ENTRETIEN AVEC JEAN-LUC ISTIN
Imaginiez-vous en 2013, avec la sortie du premier tome de Elfes, une saga de près de 80 albums, un univers protéiforme toujours en expansion et un lectorat répondant toujours présent à chaque nouvelle sortie ?
Jean-Luc Istin : Je pense que c'était difficile d’imaginer ça... Je n'ai pas vu passer ces dix années qui se sont écoulées à une vitesse folle. Il y a soudain cette première série qui se met à fonctionner, on veut l’allonger, que Elfes compte plus d'albums que les cinq prévus au départ et on priait de pouvoir faire une saison deux, puis une saison trois... Aujourd'hui, on est bien au-delà. On ne s’attendait pas à faire Nains aussi vite. Par la suite, on ne s’attendait pas non plus à ce qu’il y ait un engouement de nos lecteurs au point que ce sont eux qui nous réclament de développer Orcs & Gobelins. C’est arrivé au point où on nous demande Mages puis Les Seigneurs humains... Tout ça nous a carrément dépassés et il a fallu s’adapter presque au jour le jour à ce nouvel univers, à nos lecteurs, et puis à nos envies en parallèle.
Est-ce une façon différente d’imaginer la BD, plus généralement la création artistique, de laisser une oreille du côté des lecteurs qui ont envie de nouvelles choses, de nouvelles aventures, de nouveaux personnages ?

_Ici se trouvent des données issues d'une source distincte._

lemma addr_tree_prefix_closed: "addr_tree N \<Longrightarrow> x \<in> N \<Longrightarrow> prefix p x \<Longrightarrow> p \<in> N"
  unfolding addr_tree_def prefix_def by blast

lemma tleaves_sub: "tleaves N \<subseteq> N"
  by (auto simp: tleaves_def)

lemma leaf_maximal: "addr_tree N \<Longrightarrow> l \<in> tleaves N \<Longrightarrow> x \<in> N \<Longrightarrow> prefix l x \<Longrightarrow> x = l"
proof (rule ccontr)
  assume h: "addr_tree N" "l \<in> tleaves N" "x \<in> N" "prefix l x" "x \<noteq> l"
  then obtain zs where "x = l @ zs" "zs \<noteq> []" by (auto simp: prefix_def)
  then obtain c r where "x = (l @ [c]) @ r" by (cases zs) auto
  then have "l @ [c] \<in> N" using h(1,3) unfolding addr_tree_def by blast
  with h(2) show False by (auto simp: tleaves_def)
qed

lemma leaf_list_props:
  assumes "finite N"
  shows "set (leaf_list N) = tleaves N" "sorted_wrt (<) (leaf_list N)" "distinct (leaf_list N)"
proof -
  have "finite (tleaves N)" using assms finite_subset tleaves_sub by blast
  then show "set (leaf_list N) = tleaves N" unfolding leaf_list_def by simp
  show "sorted_wrt (<) (leaf_list N)" unfolding leaf_list_def by (rule strict_sorted_list_of_set)
  show "distinct (leaf_list N)" unfolding leaf_list_def by simp
qed

lemma leaf_list_eqI:
  assumes "finite N" "sorted_wrt (<) xs" "set xs = tleaves N"
  shows "leaf_list N = xs"
  using leaf_list_props[OF assms(1)] assms(2,3) strict_sorted_equal by metis

lemma leaf_list_index_less:
  assumes "finite N" "i < length (leaf_list N)" "j < length (leaf_list N)"
  shows "leaf_list N ! i < leaf_list N ! j \<longleftrightarrow> i < j"
proof
  have s: "sorted_wrt (<) (leaf_list N)" using leaf_list_props assms(1) by auto
  show "i < j \<Longrightarrow> leaf_list N ! i < leaf_list N ! j" using s assms sorted_wrt_nth_less by blast
  assume lt: "leaf_list N ! i < leaf_list N ! j"
  show "i < j"
  proof (rule ccontr)
    assume "\<not> i < j"
    then consider "j < i" | "j = i" by linarith
    then show False
    proof cases
      case 1 then show False using lt s assms sorted_wrt_nth_less order.asym by blast
    next
      case 2 then show False using lt by simp
    qed
  qed
qed

lemma tleaves_single: "tleaves {[]} = {[]}"
  by (auto simp: tleaves_def)

lemma leaf_list_single: "leaf_list {[]} = [[]]"
  unfolding leaf_list_def tleaves_single by simp

lemma tleaves_cherry: "tleaves {[], [0], [1::nat]} = {[0], [1]}"
  by (auto simp: tleaves_def)

lemma leaf_list_cherry: "leaf_list {[], [0], [Suc 0]} = [[0], [Suc 0]]"
  using leaf_list_eqI[of "{[], [0], [1::nat]}" "[[0], [1]]"] tleaves_cherry by simp

lemma count_list_distinct: "distinct xs \<Longrightarrow> count_list xs a \<le> 1"
  by (induction xs) auto

text \<open>A single block cannot contain a symbol twice, so it is empty.\<close>
lemma blocked_twice_single: "blocked_twice [\<beta>] \<Longrightarrow> \<beta> = []"
proof (rule ccontr)
  assume h: "blocked_twice [\<beta>]" "\<beta> \<noteq> []"
  then obtain a where "a \<in> set \<beta>" by (cases \<beta>) auto
  then have "2 \<le> count_list \<beta> a" using h(1) by (auto simp: blocked_twice_def syms_def)
  moreover have "count_list \<beta> a \<le> 1" using h(1) count_list_distinct by (auto simp: blocked_twice_def)
  ultimately show False by simp
qed

lemma blocked_twice_pair:
  assumes "blocked_twice [\<beta>1, \<beta>2]" "a \<in> syms [\<beta>1, \<beta>2]"
  shows "a \<in> set \<beta>1 \<and> a \<in> set \<beta>2"
proof -
  have "2 \<le> count_list \<beta>1 a + count_list \<beta>2 a" using assms by (auto simp: blocked_twice_def)
  moreover have "count_list \<beta>1 a \<le> 1" "count_list \<beta>2 a \<le> 1"
    using assms(1) count_list_distinct by (auto simp: blocked_twice_def)
  ultimately have "count_list \<beta>1 a \<noteq> 0" "count_list \<beta>2 a \<noteq> 0" by auto
  then show ?thesis by (simp add: count_list_0_iff)
qed

lemma sorted_wrt_concat_idx:
  assumes "\<forall>xs\<in>set xss. sorted_wrt R xs"
    and "\<forall>i j. i < j \<longrightarrow> j < length xss \<longrightarrow> (\<forall>x\<in>set (xss!i). \<forall>y\<in>set (xss!j). R x y)"
  shows "sorted_wrt R (concat xss)"
  using assms
proof (induction xss)
  case Nil then show ?case by simp
next
  case (Cons xs xss)
  have "sorted_wrt R (concat xss)"
  proof (rule Cons.IH)
    show "\<forall>xs\<in>set xss. sorted_wrt R xs" using Cons.prems(1) by simp
    show "\<forall>i j. i < j \<longrightarrow> j < length xss \<longrightarrow> (\<forall>x\<in>set (xss ! i). \<forall>y\<in>set (xss ! j). R x y)"
    proof (intro allI impI ballI)
      fix i j x y assume "i < j" "j < length xss" "x \<in> set (xss ! i)" "y \<in> set (xss ! j)"
      then show "R x y" using Cons.prems(2)[rule_format, of "Suc i" "Suc j"] by simp
    qed
  qed
  moreover have "\<forall>x\<in>set xs. \<forall>y\<in>set (concat xss). R x y"
  proof (intro ballI)
    fix x y assume "x \<in> set xs" "y \<in> set (concat xss)"
    then obtain zs where "zs \<in> set xss" "y \<in> set zs" by auto
    then obtain j where "j < length xss" "y \<in> set (xss!j)" by (auto simp: in_set_conv_nth)
    then show "R x y" using Cons.prems(2)[rule_format, of 0 "Suc j"] \<open>x \<in> set xs\<close> by simp
  qed
  ultimately show ?case using Cons.prems(1) by (simp add: sorted_wrt_append)
qed

lemma concat_nth_pair:
  assumes "length xss = length yss" "\<forall>k<length xss. length (xss!k) = length (yss!k)"
    "k < length xss" "j < length (xss!k)"
  shows "\<exists>i<length (concat xss). concat xss ! i = xss!k!j \<and> concat yss ! i = yss!k!j"
  using assms
proof (induction xss arbitrary: yss k)
  case Nil then show ?case by simp
next
  case (Cons xs xss)
  then obtain ys yss' where y: "yss = ys # yss'" by (cases yss) auto
  have lxy: "length xs = length ys" using Cons.prems(2) y by auto
  show ?case
  proof (cases k)
    case 0
    then have "j < length xs" using Cons.prems by simp
    then show ?thesis using 0 y lxy by (intro exI[of _ j]) (auto simp: nth_append)
  next
    case (Suc k')
    have "\<exists>i<length (concat xss). concat xss ! i = xss!k'!j \<and> concat yss' ! i = yss'!k'!j"
    proof (rule Cons.IH)
      show "length xss = length yss'" using Cons.prems(1) y by simp
      show "\<forall>k<length xss. length (xss ! k) = length (yss' ! k)"
        using Cons.prems(2) y by (metis Suc_less_eq length_Cons nth_Cons_Suc)
      show "k' < length xss" using Cons.prems(3) Suc by simp
      show "j < length (xss ! k')" using Cons.prems(4) Suc by simp
    qed
    then obtain i where "i < length (concat xss)" "concat xss ! i = xss!k'!j" "concat yss' ! i = yss'!k'!j" by blast
    then show ?thesis using Suc y lxy
      by (intro exI[of _ "length xs + i"]) (auto simp: nth_append)
  qed
qed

J.-L. I. : Oui et pour le coup on peut dire merci aux réseaux sociaux. Sans eux, nous n’aurions jamais eu d’interaction directe avec nos lecteurs sinon dans des festivals, ce qui n'est pas l’endroit le plus pratique. L'avantage ici, c’est qu’on poste quelque chose sur Facebook et on a un retour direct, on a des questions, certaines affirmations, des volontés. Je me souviens qu’au début du premier confinement, j’ai reçu une demande de marquer les lieux qui sont développés dans l’album sur la carte. Ce n’était pas fait avant et on a décidé de le faire à ce moment-là. Les lecteurs ont aussi très envie que l’on mette en place une encyclopédie qu’ils puissent avoir sous forme de papier. Cela fait plusieurs mois qu’on dit qu’on va la sortir et que David Courtois, notre « maitre de la bible », s’en occupe. C'est vrai que ce serait pas mal une belle encyclopédie avec tous les personnages recensés, les lieux, la géographie, la carte...
Le QRcode présent dans l’album donne déjà accès à tout l’univers d’Aquilon...
J.-L. I. : Un bon paquet déjà oui ! Mais ce n’est pas autant que sous une forme papier. J’ai la chance d’avoir « la bible » et c’est déjà un énorme pavé même si elle date d’il y a déjà un an. On a encore innové depuis avec les sorties d'un certain nombre d’albums, il y a de nouvelles données qui viennent s’inscrire dans la bible.
Les Terres d’Ogon, c'est une envie de lecteurs ou c'est vous qui souhaitiez aller explorer les légendes africaines ?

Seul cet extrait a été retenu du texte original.